Pertemuan yang berlangsung dari 3-4 Agustus 2010 ini dihadiri oleh lebih dari 200 peserta mewakili 25 negara-negara di kawasan Asia-Pasifik, dimana 17 negara  diantaranya dipimpin oleh Menteri, 13 partner pembangunan, dan organisasi internasional seperti Perserikatan Bangsa-Bangsa (PBB), Bank Dunia, dan Bank Pembangunan Asia.  

Pertemuan tingkat Menteri ini bertujuan untuk melihat keberhasilan dan tantangan yang dihadapi oleh kawasan Asia Pasifik dalam mencapai delapan Tujuan Pembangunan Milenium yang dicanangkan oleh PBB sepuluh tahun lalu dengan target yang harus sudah dipenuhi pada 2015.

Wakil Presiden RI, Menlu RI dan Mr. Sha Zukang, Under-Secretary-General for Economic and Social Affairs pada acara pembukaan menyampaikan negara-negara di kawasan Asia Pasifik masih banyak menghadapi tantangan dalam mencapai target delapan Tujuan Pembangunan.

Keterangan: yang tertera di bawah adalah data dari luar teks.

(* Let $A\in\mathcal F$ with $\mathbb P(A)>0$, and for $k\ge1$ let $m_k(\omega)$ be the $k$-th visiting time of the $\theta$-orbit of $\omega$ to $A$, i.e. $m_1(\omega)=\min\{n\ge1:\theta^n\omega\in A\}$ and $m_{k+1}(\omega)=\min\{n>m_k(\omega):\theta^n\omega\in A\}$. If $m_1\in L^p(\Omega,\mathcal F,\mathbb P)$ for some $p>0$, then for every $0<\delta<p$ there exists $B\in L^{p/2-\delta}(\Omega,\mathcal F,\mathbb P)$ such that for $\mathbb P$-a.e. $\omega$ and all $k\ge1$, $$m_k(\omega)\le B(\omega)k^{1+1/p+\delta}.$$
   Context: $(\Omega,\mathcal F,\mathbb P,\theta)$ is the shift system of a stationary sequence indexed by $\mathbb Z$; $\theta$ is an invertible measurable map preserving $\mathbb P$. *)

theory Defs
  imports "HOL-Probability.Probability"
begin

fun visit_time :: "('a \<Rightarrow> 'a) \<Rightarrow> 'a set \<Rightarrow> nat \<Rightarrow> 'a \<Rightarrow> enat" where
  "visit_time T A 0 x = 0"
| "visit_time T A (Suc k) x =
     (if \<exists>n. enat n > visit_time T A k x \<and> (T ^^ n) x \<in> A
      then enat (LEAST n. enat n > visit_time T A k x \<and> (T ^^ n) x \<in> A)
      else \<infinity>)"

definition in_Lp :: "'a measure \<Rightarrow> real \<Rightarrow> ('a \<Rightarrow> real) \<Rightarrow> bool" where
  "in_Lp M q f \<longleftrightarrow> f \<in> borel_measurable M \<and> integrable M (\<lambda>x. \<bar>f x\<bar> powr q)"

end

theory Submission
  imports Defs
begin

text \<open>
  Write r_i = m_1(\<theta>^i \<omega>) for the waiting time at time i. Up to m_k there are k gaps between
  consecutive visits, so one of them has length G \<ge> m_k / k; along that gap the waiting times are
  G, G - 1, ..., 1, hence (m_k / 2k)^(1+p) \<le> (G/2)^(1+p) \<le> sum_{i<m_k} r_i^p. On the other hand
  sum_{i<m_k} r_i^p \<le> m_k^(1+\<epsilon>) S with S = sum_i (i+1)^-(1+\<epsilon>) r_i^p, and stationarity gives
  E S = \<zeta>(1+\<epsilon>) E m_1^p < \<infinity>. Solving for m_k yields
  m_k \<le> (2^(1+p) S)^(1/(p-\<epsilon>)) k^((1+p)/(p-\<epsilon>)); for small \<epsilon> this exponent is at most
  1 + 1/p + \<delta>, and B = (2^(1+p) S)^(1/(p-\<epsilon>)) + 1 even lies in L^(p-\<epsilon>).
\<close>

definition next_in :: "nat set \<Rightarrow> nat \<Rightarrow> nat" where
  "next_in V i = (LEAST n. i < n \<and> n \<in> V)"

lemma next_in_least: "i < n \<Longrightarrow> n \<in> V \<Longrightarrow> next_in V i \<le> n"
  unfolding next_in_def by (simp add: Least_le)

lemma
  assumes "infinite V"
  shows next_in_gt: "i < next_in V i" and next_in_mem: "next_in V i \<in> V"
proof -
  have "\<exists>n. i < n \<and> n \<in> V" using assms by (simp add: infinite_nat_iff_unbounded)
  then have "i < next_in V i \<and> next_in V i \<in> V" unfolding next_in_def by (rule LeastI_ex)
  then show "i < next_in V i" "next_in V i \<in> V" by auto
qed

lemma next_in_eq:
  assumes "infinite V" "i \<le> j" "j < next_in V i"
  shows "next_in V j = next_in V i"
proof (rule antisym)
  show "next_in V j \<le> next_in V i"
    using assms by (intro next_in_least next_in_mem)
  show "next_in V i \<le> next_in V j"
    using assms next_in_gt[of V j] by (intro next_in_least next_in_mem) auto
qed

lemma strict_mono_iterates_next_in:
  "infinite V \<Longrightarrow> strict_mono (\<lambda>k. (next_in V ^^ k) 0)"
  by (simp add: strict_mono_Suc_iff next_in_gt)

lemma exists_increment_ge_average:
  fixes u :: "nat \<Rightarrow> real"
  assumes "0 < k"
  shows "\<exists>j<k. u k - u 0 \<le> real k * (u (Suc j) - u j)"
proof (rule ccontr)
  assume "\<not> ?thesis"
  then have "\<And>j. j \<in> {..<k} \<Longrightarrow> u (Suc j) - u j < (u k - u 0) / real k"
    using assms by (auto simp: not_le field_simps)
  then have "(\<Sum>j<k. u (Suc j) - u j) < real k * ((u k - u 0) / real k)"
    using sum_bounded_above_strict[of "{..<k}" _ "(u k - u 0) / real k"] assms by simp
  then show False using assms by (simp add: sum_lessThan_telescope)
qed

lemma sum_powr_diff_ge:
  fixes p :: real
  assumes "0 \<le> p"
  shows "(real (b - a) / 2) powr (1 + p) \<le> (\<Sum>i\<in>{a..<b}. real (b - i) powr p)"
proof (cases "a < b")
  case False
  then show ?thesis by simp
next
  case True
  define G where "G = b - a"
  have G: "1 \<le> G" using True unfolding G_def by simp
  have "(real G / 2) powr (1 + p) = real G / 2 * (real G / 2) powr p"
    using G by (simp add: powr_add)
  also have "\<dots> \<le> real (card {a..a + G div 2}) * (real G / 2) powr p"
  proof (rule mult_right_mono)
    have "G \<le> 2 * card {a..a + G div 2}" by simp
    then show "real G / 2 \<le> real (card {a..a + G div 2})" by linarith
  qed simp
  also have "\<dots> \<le> (\<Sum>i\<in>{a..a + G div 2}. real (b - i) powr p)"
  proof (intro sum_bounded_below powr_mono2)
    fix i assume "i \<in> {a..a + G div 2}"
    then have "G \<le> 2 * (b - i)" using True unfolding G_def by auto
    then show "real G / 2 \<le> real (b - i)" by linarith
  qed (use assms in auto)
  also have "\<dots> \<le> (\<Sum>i\<in>{a..<b}. real (b - i) powr p)"
    using G by (intro sum_mono2) (auto simp: G_def)
  finally show ?thesis unfolding G_def .
qed

lemma iterate_next_in_powr_le_sum_waiting:
  fixes p :: real
  assumes V: "infinite V" and k: "0 < k" and p: "0 \<le> p"
  defines "m \<equiv> (next_in V ^^ k) 0"
  shows "(real m / (2 * real k)) powr (1 + p) \<le> (\<Sum>i<m. real (next_in V i - i) powr p)"
proof -
  let ?v = "\<lambda>j. (next_in V ^^ j) 0"
  have mono: "strict_mono ?v" using V by (rule strict_mono_iterates_next_in)
  obtain j where j: "j < k" and gap: "real (?v k) - real (?v 0) \<le> real k * (real (?v (Suc j)) - real (?v j))"
    using exists_increment_ge_average[OF k, of "\<lambda>j. real (?v j)"] by blast
  define a where "a = ?v j"
  define b where "b = ?v (Suc j)"
  have ab: "a < b" using mono unfolding a_def b_def strict_mono_def by blast
  have bm: "b \<le> m"
    using strict_mono_less_eq[OF mono, of "Suc j" k] j unfolding b_def m_def by simp
  have "real m / (2 * real k) \<le> real (b - a) / 2"
    using gap ab k unfolding a_def b_def m_def by (simp add: field_simps of_nat_diff)
  then have "(real m / (2 * real k)) powr (1 + p) \<le> (real (b - a) / 2) powr (1 + p)"
    using p by (intro powr_mono2) auto
  also have "\<dots> \<le> (\<Sum>i\<in>{a..<b}. real (b - i) powr p)"
    using p by (rule sum_powr_diff_ge)
  also have "\<dots> = (\<Sum>i\<in>{a..<b}. real (next_in V i - i) powr p)"
  proof (intro sum.cong refl)
    fix i assume "i \<in> {a..<b}"
    then have "next_in V i = b"
      using next_in_eq[OF V, of a i] unfolding b_def a_def by simp
    then show "real (b - i) powr p = real (next_in V i - i) powr p" by simp
  qed
  also have "\<dots> \<le> (\<Sum>i<m. real (next_in V i - i) powr p)"
    using bm by (intro sum_mono2) auto
  finally show ?thesis .
qed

Dalam sambutannya, Wapres Boediono mengakatakan, “Bagi Indonesia, MDGs adalah isu yang sangat penting. MDGs merupakan bagian utama dari tujuan rencana pembangunan Indonesia. Lima tahun lalu, pada bulan Agustus 2005 Indonesia menjadi tuan rumah Ministerial Regional Meeting on MDGs in Asia and the Pacific: the Way Forward 2015”.

Sementara itu, Tantangan yang dihadapi seperti masih adanya kemiskinan ekstrim, ketimpangan dalam mendapatkan akses pendidikan dasar, kematian bayi dan ibu pada saat melahirkan yang masih tinggi, serta kerusakan lingkungan.

Meskipun demikian, beberapa negara dinilai berhasil dalam mencapai target delapan Tujuan Pembangunan dan diharapkan pada pertemuan ini dapat membagi keberhasilannya kepada negara-negara lain sebagai inspirasi.

Untuk Indonesia, Wapres menyampaikan bahwa Indonesia saat ini telah berhasil memenuhi dua target dari Tujuan Pembangunan Milenium. "Target MDGs yang telah dicapai saat ini adalah memotong setengah proporsi penduduk yang hidup di bawah 1 dollar per hari. Meningkatkan deteksi dan penyembuhan Tubercolosis (TBC) melalui DOTS (Direct Observed Treatment Short-Course Chemotherapy)," ujar Wapres.

Wapres Boediono juga optimis bahwa pada 2015, Indonesia dapat memastikan setiap anak mendapat akses pendidikan, menghapus kesenjangan gender, dan menekan rasi kematian balita.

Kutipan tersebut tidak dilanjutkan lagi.